Cooking Instructions
  1. Start by bringing a large pot of salted water to a rolling boil over high heat. Add your choice of rotini or bowtie pasta and cook until al dente, about 8-10 minutes, stirring occasionally. Once done, drain the pasta in a colander and rinse it under cold water to cool. Set it aside to allow excess water to drip off while you prepare the other ingredients.
  2. In a large skillet over medium heat, cook the chopped bacon steadily until it’s crispy and golden brown, which should take about 8-10 minutes. Turn the bacon frequently to ensure even cooking. Once crisp, use a slotted spoon to transfer the bacon to a plate lined with paper towels to drain excess grease. Reserve 1-2 tablespoons of warm bacon fat in the skillet for the dressing.
  3. In a mixing bowl, combine mayonnaise, sour cream, and dry ranch seasoning mix. Add a splash of lemon juice and freshly cracked black pepper to taste, whisking until the mixture is smooth and creamy. Gradually pour in the reserved warm bacon fat while continuing to whisk, until everything is well blended.
  4. In a large mixing bowl, add the drained pasta and splash it with white wine vinegar, tossing gently to incorporate the flavors.

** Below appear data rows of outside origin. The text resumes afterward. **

lemma evalH_has_sum:
  fixes P :: "('m::finite \<Rightarrow> nat) \<Rightarrow> complex^'d"
  assumes "inH r P" and "supnorm z \<le> r"
  shows "((\<lambda>\<alpha>. mpow z \<alpha> *s P \<alpha>) has_sum evalH P z) UNIV"
proof -
  have "(\<lambda>\<alpha>. mpow z \<alpha> *s P \<alpha>) summable_on UNIV"
  proof (rule abs_summable_summable, rule summable_on_comparison_test)
    show "(\<lambda>\<alpha>. of_nat CARD('d) * (r ^ mdeg \<alpha> * supnorm (P \<alpha>))) summable_on UNIV"
      using assms(1) by (intro summable_on_cmult_right) (simp add: inH_def)
    fix \<alpha>
    have "norm (mpow z \<alpha> *s P \<alpha>) \<le> of_nat CARD('d) * supnorm (mpow z \<alpha> *s P \<alpha>)"
      by (rule norm_le_card_supnorm)
    also have "\<dots> \<le> of_nat CARD('d) * (r ^ mdeg \<alpha> * supnorm (P \<alpha>))"
      unfolding supnorm_smult
      by (intro mult_left_mono mult_right_mono norm_mpow_le assms(2) supnorm_nonneg) simp
    finally show "norm (mpow z \<alpha> *s P \<alpha>) \<le> of_nat CARD('d) * (r ^ mdeg \<alpha> * supnorm (P \<alpha>))" .
  qed simp
  then show ?thesis by (simp add: evalH_def)
qed

lemma sum_B_evalH_diagpow:
  assumes "inH r \<psi>" and "supnorm z \<le> r" and "\<And>j. cmod (lam $ j) \<le> 1"
  shows "(\<Sum>i\<le>N. B i *v evalH \<psi> (diagpow lam i z))
    = evalH (\<lambda>\<alpha>. Tpoly N B (mpow lam \<alpha>) *v \<psi> \<alpha>) z"
proof -
  have "((\<lambda>\<alpha>. B i *v (mpow (diagpow lam i z) \<alpha> *s \<psi> \<alpha>))
      has_sum B i *v evalH \<psi> (diagpow lam i z)) UNIV" for i
    using has_sum_bounded_linear[of "\<lambda>x. B i *v x",
        OF _ evalH_has_sum[OF assms(1) order_trans[OF supnorm_diagpow_le[OF assms(3)] assms(2)]]]
    by (simp add: linear_conv_bounded_linear)
  then have "((\<lambda>\<alpha>. \<Sum>i\<le>N. B i *v (mpow (diagpow lam i z) \<alpha> *s \<psi> \<alpha>))
      has_sum (\<Sum>i\<le>N. B i *v evalH \<psi> (diagpow lam i z))) UNIV"
    by (simp add: has_sum_sum_family)
  moreover have "(\<Sum>i\<le>N. B i *v (mpow (diagpow lam i z) \<alpha> *s \<psi> \<alpha>))
      = mpow z \<alpha> *s (Tpoly N B (mpow lam \<alpha>) *v \<psi> \<alpha>)" for \<alpha>
  proof -
    have "(\<Sum>i\<le>N. B i *v (mpow (diagpow lam i z) \<alpha> *s \<psi> \<alpha>))
        = mpow z \<alpha> *s (\<Sum>i\<le>N. mpow lam \<alpha> ^ i *s (B i *v \<psi> \<alpha>))"
      unfolding mpow_diagpow
      by (simp add: vec_eq_iff vector_scalar_commute sum_component sum_distrib_left mult_ac)
    then show ?thesis by (simp add: Tpoly_apply)
  qed
  ultimately show ?thesis by (simp add: evalH_def infsumI)
qed

lemma inH_normH_le:
  assumes "inH s \<phi>" and "0 \<le> r" and "\<forall>\<alpha>. mdeg \<alpha> < 2 \<longrightarrow> \<psi> \<alpha> = 0"
    and "\<forall>\<alpha>. 2 \<le> mdeg \<alpha> \<longrightarrow> r ^ mdeg \<alpha> * supnorm (\<psi> \<alpha>) \<le> C * (s ^ mdeg \<alpha> * supnorm (\<phi> \<alpha>))"
  shows "inH r \<psi> \<and> normH r \<psi> \<le> C * normH s \<phi>"
proof -
  have le: "r ^ mdeg \<alpha> * supnorm (\<psi> \<alpha>) \<le> C * (s ^ mdeg \<alpha> * supnorm (\<phi> \<alpha>))" for \<alpha>
    using assms(1,3,4) by (cases "2 \<le> mdeg \<alpha>") (auto simp: inH_def)
  have \<phi>_summable: "(\<lambda>\<alpha>. C * (s ^ mdeg \<alpha> * supnorm (\<phi> \<alpha>))) summable_on UNIV"
    using assms(1) by (intro summable_on_cmult_right) (simp add: inH_def)
  have \<psi>_summable: "(\<lambda>\<alpha>. r ^ mdeg \<alpha> * supnorm (\<psi> \<alpha>)) summable_on UNIV"
    by (rule summable_on_comparison_test[OF \<phi>_summable le]) (simp add: assms(2) supnorm_nonneg)
  have "normH r \<psi> \<le> (\<Sum>\<^sub>\<infinity>\<alpha>. C * (s ^ mdeg \<alpha> * supnorm (\<phi> \<alpha>)))"
    unfolding normH_def by (rule infsum_mono[OF \<psi>_summable \<phi>_summable le])
  also have "\<dots> = C * normH s \<phi>"
    by (simp add: normH_def infsum_cmult_right')
  finally show ?thesis
    using \<psi>_summable assms(3) by (simp add: inH_def)
qed

lemma supnorm_DeltaH: "0 \<le> r \<Longrightarrow> supnorm (DeltaH r P \<alpha>) = r ^ mdeg \<alpha> * supnorm (P \<alpha>)"
  by (simp add: DeltaH_def supnorm_smult norm_power)

lemma inH_DeltaH: "0 < r \<Longrightarrow> inH 1 (DeltaH r P) \<longleftrightarrow> inH r P"
  by (simp add: inH_def supnorm_DeltaH) (simp add: DeltaH_def)

lemma normH_DeltaH: "0 \<le> r \<Longrightarrow> normH 1 (DeltaH r P) = normH r P"
  by (simp add: normH_def supnorm_DeltaH)

lemma Kop_add: "Kop N B lam (\<lambda>\<alpha>. \<phi> \<alpha> + \<psi> \<alpha>) = (\<lambda>\<alpha>. Kop N B lam \<phi> \<alpha> + Kop N B lam \<psi> \<alpha>)"
  by (simp add: Kop_def fun_eq_iff matrix_vector_right_distrib)

lemma Kop_smult: "Kop N B lam (\<lambda>\<alpha>. c *s \<phi> \<alpha>) = (\<lambda>\<alpha>. c *s Kop N B lam \<phi> \<alpha>)"
  by (simp add: Kop_def fun_eq_iff vector_scalar_commute)

lemma Tpoly_Kop:
  assumes "inH r \<phi>" and "\<forall>\<alpha>. 2 \<le> mdeg \<alpha> \<longrightarrow> det (Tpoly N B (mpow lam \<alpha>)) \<noteq> 0"
  shows "Tpoly N B (mpow lam \<alpha>) *v Kop N B lam \<phi> \<alpha> = \<phi> \<alpha>"
  using assms by (cases "2 \<le> mdeg \<alpha>") (auto simp: Kop_def inH_def matrix_inv_right_apply)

Pour in half of the creamy dressing, mixing well to ensure every noodle is coated.
  5. Next, gently stir in the halved cherry tomatoes, diced red onion, and shredded cheese of your choice into the pasta. Cover the bowl with plastic wrap and place it in the refrigerator to chill for about 30 minutes.
  6. Just before serving, remove the salad from the refrigerator and fold in the chopped romaine lettuce and crumbled bacon. Drizzle the remaining dressing over the top and toss everything gently until evenly coated.

Nutrition

Serving: 1servingCalories: 350kcalCarbohydrates: 32gProtein: 12gFat: 22gSaturated Fat: 4gPolyunsaturated Fat: 1gMonounsaturated Fat: 15gCholesterol: 40mgSodium: 600mgPotassium: 350mgFiber: 3gSugar: 2gVitamin A: 15IUVitamin C: 20mgCalcium: 15mgIron: 8mg

Notes

This salad is perfect for summer gatherings and can be made ahead of time for optimal flavor. Store any leftovers in an airtight container in the refrigerator for up to 3-5 days.